80 g       albicocche essiccate

50 g       pistacchi interi non salati

5            fette sottili di affettato di lonza

q.b.       trito aromatico fresco: rosmarino ed erba salvia

q.b.       sale

q.b.       pepe macinato fresco

q.b.       paprica

q.b.       aglio in polvere

½           limone (il succo)

q.b.       salsa di soia (2 cucchiai)

q.b.       olio e.v.o.

1            bicchiere di brodo (vegetale)

q.b.       burro

4            patate grandi

Disossare il pollo

Prima di iniziare a disossare il pollo, adagiate il volatile su un tagliere con il petto rivolto verso l’alto. Con l’aiuto di un cannello fiammeggiatelo così eliminerete con facilità le penne rimaste e la “peluria”. Lussate entrambe le gambe rompendole alla giuntura con l’anca. Togliete la forcella dello sterno che si trova alla fine del collo con l’ausilio di un coltellino piccolo ed affilato: tirate indietro la pelle dalla cavità del collo, tagliate attorno alla forcella, raschiate la carne dalla forcella, poi tagliatela alla base. Tagliate poi nel centro del petto partendo dal collo fino ad arrivare alla coda. Con un coltello affilato separate il petto prima da un lato e poi dall’altro raschiando con cura la carne dalla cassa toracica, procedete lentamente, facendo attenzione quando arriverete al dorso del volatile, a non rompere la pelle, procedendo con cura e con un coltello affilato riuscirete a staccare perfettamente la gabbia toracica e la spina dorsale dalla polpa del pollo. Grattate via la polpa da entrambe le anche e tagliate le ossa nella giuntura con un coltello o un trinciapollo.
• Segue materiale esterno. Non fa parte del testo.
lemma lattice_gronwall_iterate:
  fixes f f' :: "int \<Rightarrow> real \<Rightarrow> 'a::real_normed_vector"
  assumes "0 \<le> c"
    and deriv: "\<And>n s. s \<in> {a..b} \<Longrightarrow> (f n has_vector_derivative f' n s) (at s)"
    and growth: "\<And>n s. s \<in> {a..b} \<Longrightarrow>
      norm (f' n s) \<le> c * (norm (f (n - 1) s) + norm (f n s) + norm (f (n + 1) s))"
    and bounded: "\<And>n s. s \<in> {a..b} \<Longrightarrow> norm (f n s) \<le> M"
    and init: "\<And>n. norm (f n a) \<le> G n"
    and super: "\<And>n. G (n - 1) + G n + G (n + 1) \<le> \<mu> * G n"
    and s: "s \<in> {a..b}"
  shows "norm (f n s) \<le> exp (c * \<mu> * (s - a)) * G n + M * (3 * c * (s - a)) ^ m / fact m"
  using s
proof (induction m arbitrary: n s)
  case 0
  have "0 \<le> G n"
    using init[of n] norm_ge_zero order_trans by blast
  with 0 show ?case
    using bounded by (simp add: add_increasing)
next
  case (Suc m)
  define E where "E x = exp (c * \<mu> * (x - a))" for x
  define R where "R k x = M * (3 * c * (x - a)) ^ k / fact k" for k x
  \<comment> \<open>\<open>\<phi>\<close> is an antiderivative of the bound on \<open>|f\<^sub>n'|\<close> given by the induction hypothesis.\<close>
  define \<phi> where "\<phi> x = E x * G n + R (Suc m) x" for x
  define \<phi>' where "\<phi>' x = c * \<mu> * E x * G n + 3 * c * R m x" for x
  have "(\<phi> has_real_derivative \<phi>' x) (at x)" for x
  proof -
    have "(\<phi> has_real_derivative E x * (c * \<mu> * 1) * G n
        + M * (of_nat (Suc m) * (3 * c * (x - a)) ^ m * (3 * c * 1)) / fact (Suc m)) (at x)"
      unfolding \<phi>_def E_def R_def by (intro derivative_eq_intros) auto
    moreover have "M * (of_nat (Suc m) * (3 * c * (x - a)) ^ m * (3 * c * 1)) / fact (Suc m) = 3 * c * R m x"
      by (simp add: R_def fact_Suc field_simps del: of_nat_Suc)
    ultimately show ?thesis
      by (simp add: \<phi>'_def ac_simps)
  qed
  moreover have "norm (f' n x) \<le> \<phi>' x" if x: "x \<in> {a..s}" for x
  proof -
    have x': "x \<in> {a..b}"
      using x Suc.prems by auto
    have "norm (f (n - 1) x) + norm (f n x) + norm (f (n + 1) x)
        \<le> E x * (G (n - 1) + G n + G (n + 1)) + 3 * R m x"
      using Suc.IH[OF x', of "n - 1"] Suc.IH[OF x', of n] Suc.IH[OF x', of "n + 1"]
      by (simp add: E_def R_def distrib_left)
    also have "\<dots> \<le> E x * (\<mu> * G n) + 3 * R m x"
      using super by (simp add: E_def)
    finally have "c * (norm (f (n - 1) x) + norm (f n x) + norm (f (n + 1) x))
        \<le> c * (E x * (\<mu> * G n) + 3 * R m x)"
      using \<open>0 \<le> c\<close> by (rule mult_left_mono)
    also have "\<dots> = \<phi>' x"
      by (simp add: \<phi>'_def algebra_simps)
    finally show ?thesis
      using growth[OF x', of n] by linarith
  qed
  ultimately have "norm (f n s) \<le> norm (f n a) + (\<phi> s - \<phi> a)"
    using Suc.prems deriv by (intro norm_le_of_derivative_bound) auto
  also have "\<dots> \<le> \<phi> s"
    using init[of n] by (simp add: \<phi>_def E_def R_def)
  finally show ?case
    by (simp add: \<phi>_def E_def R_def)
qed

lemma lattice_gronwall_forward:
  fixes f f' :: "int \<Rightarrow> real \<Rightarrow> 'a::real_normed_vector"
  assumes "0 \<le> c" and "t0 \<le> t1"
    and deriv: "\<And>n s. s \<in> {t0..t1} \<Longrightarrow> (f n has_vector_derivative f' n s) (at s)"
    and growth: "\<And>n s. s \<in> {t0..t1} \<Longrightarrow>
      norm (f' n s) \<le> c * (norm (f (n - 1) s) + norm (f n s) + norm (f (n + 1) s))"
    and bounded: "\<And>n s. s \<in> {t0..t1} \<Longrightarrow> norm (f n s) \<le> M"
    and init: "\<And>n. norm (f n t0) \<le> G n"
    and super: "\<And>n. G (n - 1) + G n + G (n + 1) \<le> \<mu> * G n"
  shows "norm (f n t1) \<le> exp (c * \<mu> * (t1 - t0)) * G n"
proof -
  let ?x = "3 * c * (t1 - t0)"
  have "(\<lambda>m. exp (c * \<mu> * (t1 - t0)) * G n + M * ?x ^ m / fact m)
      \<longlonglongrightarrow> exp (c * \<mu> * (t1 - t0)) * G n + M * 0"
    using summable_LIMSEQ_zero[OF summable_exp[of ?x]]
    by (simp only: mult.assoc times_divide_eq_right[symmetric]) (intro tendsto_intros, simp add: inverse_eq_divide)
  moreover have "norm (f n t1) \<le> exp (c * \<mu> * (t1 - t0)) * G n + M * ?x ^ m / fact m" for m
    by (rule lattice_gronwall_iterate[where a = t0 and b = t1]) (use assms in auto)
  ultimately show ?thesis
    using LIMSEQ_le_const by force
qed

lemma lattice_gronwall:
  fixes f f' :: "int \<Rightarrow> real \<Rightarrow> 'a::real_normed_vector" and t0 t :: real
  defines "J \<equiv> {min t0 t..max t0 t}"
  assumes "0 \<le> c"
    and deriv: "\<And>n s. s \<in> J \<Longrightarrow> (f n has_vector_derivative f' n s) (at s)"
    and growth: "\<And>n s. s \<in> J \<Longrightarrow>
      norm (f' n s) \<le> c * (norm (f (n - 1) s) + norm (f n s) + norm (f (n + 1) s))"
    and bounded: "\<And>n s. s \<in> J \<Longrightarrow> norm (f n s) \<le> M"
    and init: "\<And>n. norm (f n t0) \<le> G n"
    and super: "\<And>n. G (n - 1) + G n + G (n + 1) \<le> \<mu> * G n"
  shows "norm (f n t) \<le> exp (c * \<mu> * \<bar>t - t0\<bar>) * G n"
proof (cases "t0 \<le> t")
  case True
  then show ?thesis
    using lattice_gronwall_forward[OF \<open>0 \<le> c\<close> True, of f f' M G \<mu> n] assms
    by (simp add: J_def)
next
  case False
  define t1 where "t1 = 2 * t0 - t"
  have J: "2 * t0 - s \<in> J" if "s \<in> {t0..t1}" for s
    using that False by (auto simp: J_def t1_def)
  have "((\<lambda>s. 2 * t0 - s) has_vector_derivative -1) (at s)" for s
    by (auto intro!: derivative_eq_intros simp flip: has_real_derivative_iff_has_vector_derivative)
  then have "((\<lambda>s. f n (2 * t0 - s)) has_vector_derivative - f' n (2 * t0 - s)) (at s)"
    if "s \<in> {t0..t1}" for n s
    using vector_diff_chain_at[of "\<lambda>s. 2 * t0 - s" "-1" s "f n", OF _ deriv[OF J[OF that]]]
    by (simp add: o_def)
  then have "norm (f n (2 * t0 - t1)) \<le> exp (c * \<mu> * (t1 - t0)) * G n"
    using False J by (intro lattice_gronwall_forward[OF \<open>0 \<le> c\<close>, where f' = "\<lambda>n s. - f' n (2 * t0 - s)"])
      (auto simp: t1_def init super intro: growth bounded)
  then show ?thesis
    using False by (simp add: t1_def)
qed

definition AL_field :: "(int \<Rightarrow> complex) \<Rightarrow> (int \<Rightarrow> complex) \<Rightarrow> int \<Rightarrow> complex \<times> complex" where
  "AL_field a b n =
     (\<i> * ((1 - a n * b n) * (a (n - 1) + a (n + 1)) - 2 * a n),
      - \<i> * ((1 - a n * b n) * (b (n - 1) + b (n + 1)) - 2 * b n))"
Rimuovete poi le ossa delle ali scoperte recidendo il resto dell’ala in corrispondenza delle giunture. Eliminate il tendine da ogni filetto e dal petto et tagliate poi qualche fettina di petto e distribuitela nelle parti più sottili per rendere lo strato di carne più uniforme. Ora il pollo è perfettamente disossato e pronto per accogliere il ripieno.

Preparazione del pollo arrosto

Spennellate con del succo di limone la carne e cospargete con un pizzico di sale. Preparate il ripieno: in un mixer frullate tutto insieme: la carne trita (maiale + salsiccia), il pane ammollato ben strizzato dal latte, il parmigiano, l’uovo, sale, pepe e aglio in polvere. Frullate bene il composto ed il risultato dovrà essere un ripieno molto fine. Trasferite il ripieno in un ciotola ed aggiungete le albicocche tagliate a tocchetti ed i pistacchi interi, amalgamate bene gli ingredienti e stendete il ripieno sul pollo creando uno strato alto circa 2 cm, tenete da parte un pò di ripieno.  Ora richiudete il pollo sigillando il petto con uno stecchino da spiedo, con degli stuzzicadenti invece richiudete la parte della coda. Mettete il pollo in posizione verticale (come se lo faceste sedere) e finite di riempire il volatile inserendo dalla cavità della testa il resto del ripieno, richiudete infine con gli stuzzicadenti. È ovvio che potete richiudere il pollo con un ago e spago da cucina , ma è possibile farlo con facilità anche con gli stuzzicadenti che, tra le altre cose, una volta che il pollo sarà cotto ed intiepidito, si elimineranno con facilità ed il pollo sarà perfettamente sigillato senza traccia di spago. Preparate un intingolo che dovrete spennellare su tutto il pollo: emulsionate in una ciotolina 2 cucchiai di salsa si soia, 2 cucchiai di succo limone ed un cucchiaio di olio e.v.o. e spennellatelo uniformemente su tutto il pollo. Prendete poi del burro in pomata (3 noci di burro), aromatizzatelo con il trito di rosmarino e salvia e spalmatelo con cura su tutta il pollo non dimenticando le cosce e le alette, insaporite infine con sale, pepe ed un pizzico di paprica. Procedete con la bardatura: stendete le fette di lonza sulla parte del petto ricucita e fermate il tutto con degli elastici di spago da cucina, legando il pollo sia all’altezza delle alette che a metà, per ultimo legate assieme ben strette le cosce. Adagiate il pollo in una teglia larga sulla quale avrete prima versato dell’olio e.v.o. e dei fiocchetti burro aromatizzato.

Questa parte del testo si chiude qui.